**WHAT THE TASK ASKS:** The answer must consist of every line in the data that contains "Qmat".

**ENTRIES SHOWN:**
(* Let $\Gamma$ be a weighted digraph with vertex set $\{1,\dots,n\}$, $n>1$, without loops and with strictly positive arc weights, with Laplacian matrix $L$ and matrices of in-forests $Q_k$. Then each $Q_k$, $k=0,1,\dots$, commutes with every matrix that commutes with $L$; in particular the matrices $Q_k$ commute with $L$, with $Q(\tau)=\sum_{k\ge0}Q_k\tau^k$ for every $\tau$, and with each other.
   Context: $W=(w_{ij})$ is the matrix of arc weights ($w_{ij}>0$ iff there is an arc $i\to j$, else $0$). The Laplacian $L=(\ell_{ij})$: $\ell_{ij}=-w_{ij}$ for $j\ne i$, $\ell_{ii}=\sum_{k\ne i}w_{ik}$. The weight of a subgraph is the product of its arc weights (1 if no arcs); the weight of a set of subgraphs is the sum of their weights (0 for the empty set). A converging tree is a weakly connected digraph with one vertex (the root) of outdegree 0 and all others of outdegree 1; an in-forest is a spanning subgraph of $\Gamma$ whose weak components are converging trees. $Q_k=(q^k_{ij})$ where $q^k_{ij}$ is the total weight of in-forests with $k$ arcs in which $i$ lies in a tree rooted at $j$ (so $Q_k=0$ for large $k$ and the sum defining $Q(\tau)$ is finite). *)

theory Defs
  imports "HOL-Analysis.Analysis"
begin

text \<open>Vertices are the elements of a finite type 'n (standing for {1..n}).
  W $ i $ j is the weight of the arc i -> j (an arc exists iff W $ i $ j > 0).
  A spanning subgraph is represented by its set of arcs.\<close>

definition arcs :: "real^'n^'n \<Rightarrow> ('n \<times> 'n) set" where
  "arcs W = {(i,j). W $ i $ j > 0}"

definition laplacian :: "real^'n^'n \<Rightarrow> real^'n^'n" where
  "laplacian W = (\<chi> i j. if i = j then (\<Sum>k\<in>UNIV - {i}. W $ i $ k) else - W $ i $ j)"

definition sg_weight :: "real^'n^'n \<Rightarrow> ('n \<times> 'n) set \<Rightarrow> real" where
  "sg_weight W F = (\<Prod>(i,j)\<in>F. W $ i $ j)"

definition outdeg :: "('n \<times> 'n) set \<Rightarrow> 'n \<Rightarrow> nat" where
  "outdeg F i = card {j. (i,j) \<in> F}"

definition weakly_conn :: "('n \<times> 'n) set \<Rightarrow> 'n \<Rightarrow> 'n \<Rightarrow> bool" where
  "weakly_conn F i j \<longleftrightarrow> (i,j) \<in> (F \<union> F\<inverse>)\<^sup>*"

definition weak_component :: "('n \<times> 'n) set \<Rightarrow> 'n \<Rightarrow> 'n set" where
  "weak_component F i = {j. weakly_conn F i j}"

text \<open>A weak component C (with the arcs of F inside it) is a converging tree:
  exactly one vertex (the root) of outdegree 0, all others of outdegree 1.
  Weak connectedness holds by construction of the component.\<close>
definition converging_tree_comp :: "('n \<times> 'n) set \<Rightarrow> 'n set \<Rightarrow> bool" where
  "converging_tree_comp F C \<longleftrightarrow>
     (\<exists>!r. r \<in> C \<and> outdeg F r = 0) \<and> (\<forall>v\<in>C. outdeg F v = 0 \<or> outdeg F v = 1)"

definition in_forest :: "real^'n^'n \<Rightarrow> ('n \<times> 'n) set \<Rightarrow> bool" where
  "in_forest W F \<longleftrightarrow> F \<subseteq> arcs W \<and>
     (\<forall>i. converging_tree_comp F (weak_component F i))"

definition in_tree_rooted_at :: "('n \<times> 'n) set \<Rightarrow> 'n \<Rightarrow> 'n \<Rightarrow> bool" where
  "in_tree_rooted_at F i j \<longleftrightarrow> j \<in> weak_component F i \<and> outdeg F j = 0"

definition Qmat :: "real^'n^'n \<Rightarrow> nat \<Rightarrow> real^'n^'n" where
  "Qmat W k = (\<chi> i j. sum (sg_weight W)
      {F. in_forest W F \<and> card F = k \<and> in_tree_rooted_at F i j})"

text \<open>Q(tau) = sum_{k>=0} Q_k tau^k (a finite sum, since Q_k = 0 for large k).\<close>
definition Qtau :: "real^'n^'n \<Rightarrow> real \<Rightarrow> real^'n^'n" where
  "Qtau W \<tau> = (\<Sum>k. (\<tau> ^ k) *\<^sub>R Qmat W k)"

end

theory Submission
  imports Defs
begin

text \<open>The heart of the proof is the recurrence
  L Q_k = sigma_{k+1} I - Q_{k+1}, where sigma_{k+1} is the total weight of the in-forests
  with k+1 arcs. Entrywise, (L Q_k)_{ij} = sum_m w_im (q_ij - q_mj) is a sum over pairs of an
  in-forest F with k arcs and a vertex m. If i is a root of F, adding the arc i -> m is a
  weight-preserving bijection onto the in-forests with k+1 arcs in which i is not a root.
  If F contains an arc i -> p, redirecting it to m yields a summand that is antisymmetric
  in p and m, so these pairs cancel. As Q_0 = I, induction puts every Q_k into the double
  commutant of L, which is closed under products, differences and scalar multiples; all
  claims follow from this.\<close>

section \<open>Roots in functional forests\<close>

definition forest :: "('a \<times> 'a) set \<Rightarrow> bool" where
  "forest F \<longleftrightarrow> finite F \<and> single_valued F \<and> acyclic F"

definition tree_root :: "('a \<times> 'a) set \<Rightarrow> 'a \<Rightarrow> 'a" where
  "tree_root F x = (THE r. (x, r) \<in> F\<^sup>* \<and> r \<notin> Domain F)"

lemma forest_insert_iff:
  assumes "a \<notin> Domain F"
  shows "forest (insert (a, b) F) \<longleftrightarrow> forest F \<and> (b, a) \<notin> F\<^sup>*"
  using assms by (auto simp: forest_def single_valued_def)

lemma forest_ex_sink:
  assumes "forest F"
  shows "\<exists>r. (x, r) \<in> F\<^sup>* \<and> r \<notin> Domain F"
proof -
  have "wf (F\<inverse>)"
    using assms by (simp add: forest_def finite_acyclic_wf_converse)
  then show ?thesis
  proof (induction x rule: wf_induct_rule)
    case (less x)
    show ?case
    proof (cases "x \<in> Domain F")
      case True
      then obtain y where "(x, y) \<in> F" by auto
      with less obtain r where "(y, r) \<in> F\<^sup>*" "r \<notin> Domain F" by auto
      with \<open>(x, y) \<in> F\<close> show ?thesis by (meson converse_rtrancl_into_rtrancl)
    qed auto
  qed
qed

lemma single_valued_sink_unique:
  assumes "single_valued F"
    and "(x, a) \<in> F\<^sup>*" "a \<notin> Domain F" "(x, b) \<in> F\<^sup>*" "b \<notin> Domain F"
  shows "a = b"
  using assms(2,4,5)
proof (induction x arbitrary: b rule: converse_rtrancl_induct)
  case base
  then show ?case using assms(3) by (auto elim: converse_rtranclE)
next
  case (step x y)
  then obtain y' where "(x, y') \<in> F" "(y', b) \<in> F\<^sup>*"
    by (auto elim: converse_rtranclE)
  with step assms(1) show ?case by (auto dest: single_valuedD)
qed

lemma tree_root_eq_iff:
  assumes "forest F"
  shows "tree_root F x = r \<longleftrightarrow> (x, r) \<in> F\<^sup>* \<and> r \<notin> Domain F"
proof -
  obtain r0 where r0: "(x, r0) \<in> F\<^sup>*" "r0 \<notin> Domain F"
    using forest_ex_sink[OF assms] by blast
  have unique: "r' = r0" if "(x, r') \<in> F\<^sup>*" "r' \<notin> Domain F" for r'
    using assms r0 that by (intro single_valued_sink_unique[of F x]) (auto simp: forest_def)
  have "tree_root F x = r0"
    unfolding tree_root_def using r0 unique by (intro the_equality) blast+
  then show ?thesis
    using r0 unique by blast
qed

**RESPONSE BELOW:**
definition Qmat :: "real^'n^'n \<Rightarrow> nat \<Rightarrow> real^'n^'n" where
  "Qmat W k = (\<chi> i j. sum (sg_weight W)
  "Qtau W \<tau> = (\<Sum>k. (\<tau> ^ k) *\<^sub>R Qmat W k)"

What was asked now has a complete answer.